[EXERCISE DESCRIPTION]
The complete data, repeated exactly, should form your response.

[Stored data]
:::::
(* Let $W\ge1$ be an integer, let $\mathcal H$ be a real Hilbert space of dimension $d\in\{1,2,\ldots\}\cup\{\infty\}$ with $W<d$, and let $\Phi:\mathbb R^W\to\mathcal H$ be differentiable with Lipschitz-continuous differential. Then $\mathcal H\setminus F_\Phi$ is dense in $\mathcal H$.
   Context: For a target $\mathbf f\in\mathcal H$, let $L_{\mathbf f}(\mathbf w)=\frac12\|\mathbf f-\Phi(\mathbf w)\|^2_{\mathcal H}$ and let $\mathbf w(t)$, $t\ge0$, be the solution of the gradient flow $\frac{d\mathbf w}{dt}=-\nabla_{\mathbf w}L_{\mathbf f}(\mathbf w(t))$ with $\mathbf w(0)=\mathbf 0$. The set of GF-learnable targets is $F_\Phi=\{\mathbf f\in\mathcal H:\inf_{t\ge0}L_{\mathbf f}(\mathbf w(t))=0\}$. *)

theory Defs
  imports "HOL-Analysis.Analysis"
begin

definition gf_loss :: "('w \<Rightarrow> 'h::real_normed_vector) \<Rightarrow> 'h \<Rightarrow> 'w \<Rightarrow> real" where
  "gf_loss Phi f w = (1/2) * (norm (f - Phi w))^2"

definition gf_solution ::
  "(real^'n \<Rightarrow> 'h::real_normed_vector) \<Rightarrow> 'h \<Rightarrow> (real \<Rightarrow> real^'n) \<Rightarrow> bool" where
  "gf_solution Phi f w \<longleftrightarrow> w 0 = 0 \<and>
     (\<forall>t\<ge>0. \<exists>g. (gf_loss Phi f has_derivative (\<lambda>v. g \<bullet> v)) (at (w t)) \<and>
                 (w has_vector_derivative (- g)) (at t within {0..}))"

definition gf_learnable :: "(real^'n \<Rightarrow> 'h::real_normed_vector) \<Rightarrow> 'h set" where
  "gf_learnable Phi = {f. \<forall>w. gf_solution Phi f w \<longrightarrow> (INF t\<in>{0..}. gf_loss Phi f (w t)) = 0}"

end

(* Suppose a ball B(f0, eps) consisted of learnable targets. Since dim H > W, a linear slice
   y |-> f0 + E y of a small (W+1)-dimensional ball lies in it. The gradient flow from 0 stays in
   the ball of radius t/2 + L_f(0)/2 (its speed |grad L_f| is at most 1/2 + |grad L_f|^2/2, and the
   loss decreases at rate |grad L_f|^2), so it solves a globally Lipschitz ODE and depends
   continuously on the target; as inf_t L_f(w(t)) = 0 on the compact slice, one time T makes all
   residuals f - Phi(w(T)) uniformly small. Reading the slice back through a bounded left inverse Q
   of E, the map y |-> Q (Phi(w_y(T)) - f0) is uniformly close to the identity, so by Brouwer its
   image contains a ball of R^(W+1); but it factors through Phi on R^W, whose image is negligible. *)

theory Submission
  imports Defs "HOL-Library.Cardinality"
begin

section \<open>Integral equations\<close>

lemma gronwall_exp:
  fixes D :: "real \<Rightarrow> real"
  assumes cont: "continuous_on {0..T} D" and K: "0 \<le> K"
    and le: "\<And>t. t \<in> {0..T} \<Longrightarrow> D t \<le> a + K * integral {0..t} D"
    and t: "t \<in> {0..T}"
  shows "D t \<le> a * exp (K * t)"
proof -
  define I where "I s = integral {0..s} D" for s
  have dI: "(I has_real_derivative D s) (at s within {0..T})" if "s \<in> {0..T}" for s
    unfolding I_def by (rule integral_has_real_derivative[OF cont that])
  have cI: "continuous_on {0..T} I"
    using dI by (meson DERIV_continuous continuous_on_eq_continuous_within)
  define J where "J s = exp (- (K * s)) * (a + K * I s)" for s
  have "J t \<le> J 0"
  proof (rule DERIV_nonpos_imp_decreasing_open[of 0 t J])
    show "0 \<le> t" using t by auto
    show "continuous_on {0..t} J" unfolding J_def
      using t by (intro continuous_intros continuous_on_subset[OF cI]) auto
    fix s assume s: "0 < s" "s < t"
    then have sT: "s \<in> interior {0..T}" using t by auto
    have "(I has_real_derivative D s) (at s)"
      using dI[of s] sT at_within_interior[OF sT] s t by auto
    then have "(J has_real_derivative K * exp (- (K * s)) * (D s - (a + K * I s))) (at s)"
      unfolding J_def by (auto intro!: derivative_eq_intros simp: algebra_simps)
    moreover have "K * exp (- (K * s)) * (D s - (a + K * I s)) \<le> 0"
      using le[of s] s t K by (intro mult_nonneg_nonpos) (auto simp: I_def)
    ultimately show "\<exists>y. (J has_real_derivative y) (at s) \<and> y \<le> 0" by auto
  qed
  then have "a + K * I t \<le> a * exp (K * t)"
    by (simp add: J_def I_def exp_minus field_simps)
  then show ?thesis using le[OF t] by (simp add: I_def)
qed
:::::
[WRITTEN REPLY]
(* Let $W\ge1$ be an integer, let $\mathcal H$ be a real Hilbert space of dimension $d\in\{1,2,\ldots\}\cup\{\infty\}$ with $W<d$, and let $\Phi:\mathbb R^W\to\mathcal H$ be differentiable with Lipschitz-continuous differential. Then $\mathcal H\setminus F_\Phi$ is dense in $\mathcal H$.
   Context: For a target $\mathbf f\in\mathcal H$, let $L_{\mathbf f}(\mathbf w)=\frac12\|\mathbf f-\Phi(\mathbf w)\|^2_{\mathcal H}$ and let $\mathbf w(t)$, $t\ge0$, be the solution of the gradient flow $\frac{d\mathbf w}{dt}=-\nabla_{\mathbf w}L_{\mathbf f}(\mathbf w(t))$ with $\mathbf w(0)=\mathbf 0$. The set of GF-learnable targets is $F_\Phi=\{\mathbf f\in\mathcal H:\inf_{t\ge0}L_{\mathbf f}(\mathbf w(t))=0\}$. *)

theory Defs
  imports "HOL-Analysis.Analysis"
begin

definition gf_loss :: "('w \<Rightarrow> 'h::real_normed_vector) \<Rightarrow> 'h \<Rightarrow> 'w \<Rightarrow> real" where
  "gf_loss Phi f w = (1/2) * (norm (f - Phi w))^2"

definition gf_solution ::
  "(real^'n \<Rightarrow> 'h::real_normed_vector) \<Rightarrow> 'h \<Rightarrow> (real \<Rightarrow> real^'n) \<Rightarrow> bool" where
  "gf_solution Phi f w \<longleftrightarrow> w 0 = 0 \<and>
     (\<forall>t\<ge>0. \<exists>g. (gf_loss Phi f has_derivative (\<lambda>v. g \<bullet> v)) (at (w t)) \<and>
                 (w has_vector_derivative (- g)) (at t within {0..}))"

definition gf_learnable :: "(real^'n \<Rightarrow> 'h::real_normed_vector) \<Rightarrow> 'h set" where
  "gf_learnable Phi = {f. \<forall>w. gf_solution Phi f w \<longrightarrow> (INF t\<in>{0..}. gf_loss Phi f (w t)) = 0}"

end

(* Suppose a ball B(f0, eps) consisted of learnable targets. Since dim H > W, a linear slice
   y |-> f0 + E y of a small (W+1)-dimensional ball lies in it. The gradient flow from 0 stays in
   the ball of radius t/2 + L_f(0)/2 (its speed |grad L_f| is at most 1/2 + |grad L_f|^2/2, and the
   loss decreases at rate |grad L_f|^2), so it solves a globally Lipschitz ODE and depends
   continuously on the target; as inf_t L_f(w(t)) = 0 on the compact slice, one time T makes all
   residuals f - Phi(w(T)) uniformly small. Reading the slice back through a bounded left inverse Q
   of E, the map y |-> Q (Phi(w_y(T)) - f0) is uniformly close to the identity, so by Brouwer its
   image contains a ball of R^(W+1); but it factors through Phi on R^W, whose image is negligible. *)

theory Submission
  imports Defs "HOL-Library.Cardinality"
begin

section \<open>Integral equations\<close>

lemma gronwall_exp:
  fixes D :: "real \<Rightarrow> real"
  assumes cont: "continuous_on {0..T} D" and K: "0 \<le> K"
    and le: "\<And>t. t \<in> {0..T} \<Longrightarrow> D t \<le> a + K * integral {0..t} D"
    and t: "t \<in> {0..T}"
  shows "D t \<le> a * exp (K * t)"
proof -
  define I where "I s = integral {0..s} D" for s
  have dI: "(I has_real_derivative D s) (at s within {0..T})" if "s \<in> {0..T}" for s
    unfolding I_def by (rule integral_has_real_derivative[OF cont that])
  have cI: "continuous_on {0..T} I"
    using dI by (meson DERIV_continuous continuous_on_eq_continuous_within)
  define J where "J s = exp (- (K * s)) * (a + K * I s)" for s
  have "J t \<le> J 0"
  proof (rule DERIV_nonpos_imp_decreasing_open[of 0 t J])
    show "0 \<le> t" using t by auto
    show "continuous_on {0..t} J" unfolding J_def
      using t by (intro continuous_intros continuous_on_subset[OF cI]) auto
    fix s assume s: "0 < s" "s < t"
    then have sT: "s \<in> interior {0..T}" using t by auto
    have "(I has_real_derivative D s) (at s)"
      using dI[of s] sT at_within_interior[OF sT] s t by auto
    then have "(J has_real_derivative K * exp (- (K * s)) * (D s - (a + K * I s))) (at s)"
      unfolding J_def by (auto intro!: derivative_eq_intros simp: algebra_simps)
    moreover have "K * exp (- (K * s)) * (D s - (a + K * I s)) \<le> 0"
      using le[of s] s t K by (intro mult_nonneg_nonpos) (auto simp: I_def)
    ultimately show "\<exists>y. (J has_real_derivative y) (at s) \<and> y \<le> 0" by auto
  qed
  then have "a + K * I t \<le> a * exp (K * t)"
    by (simp add: J_def I_def exp_minus field_simps)
  then show ?thesis using le[OF t] by (simp add: I_def)
qed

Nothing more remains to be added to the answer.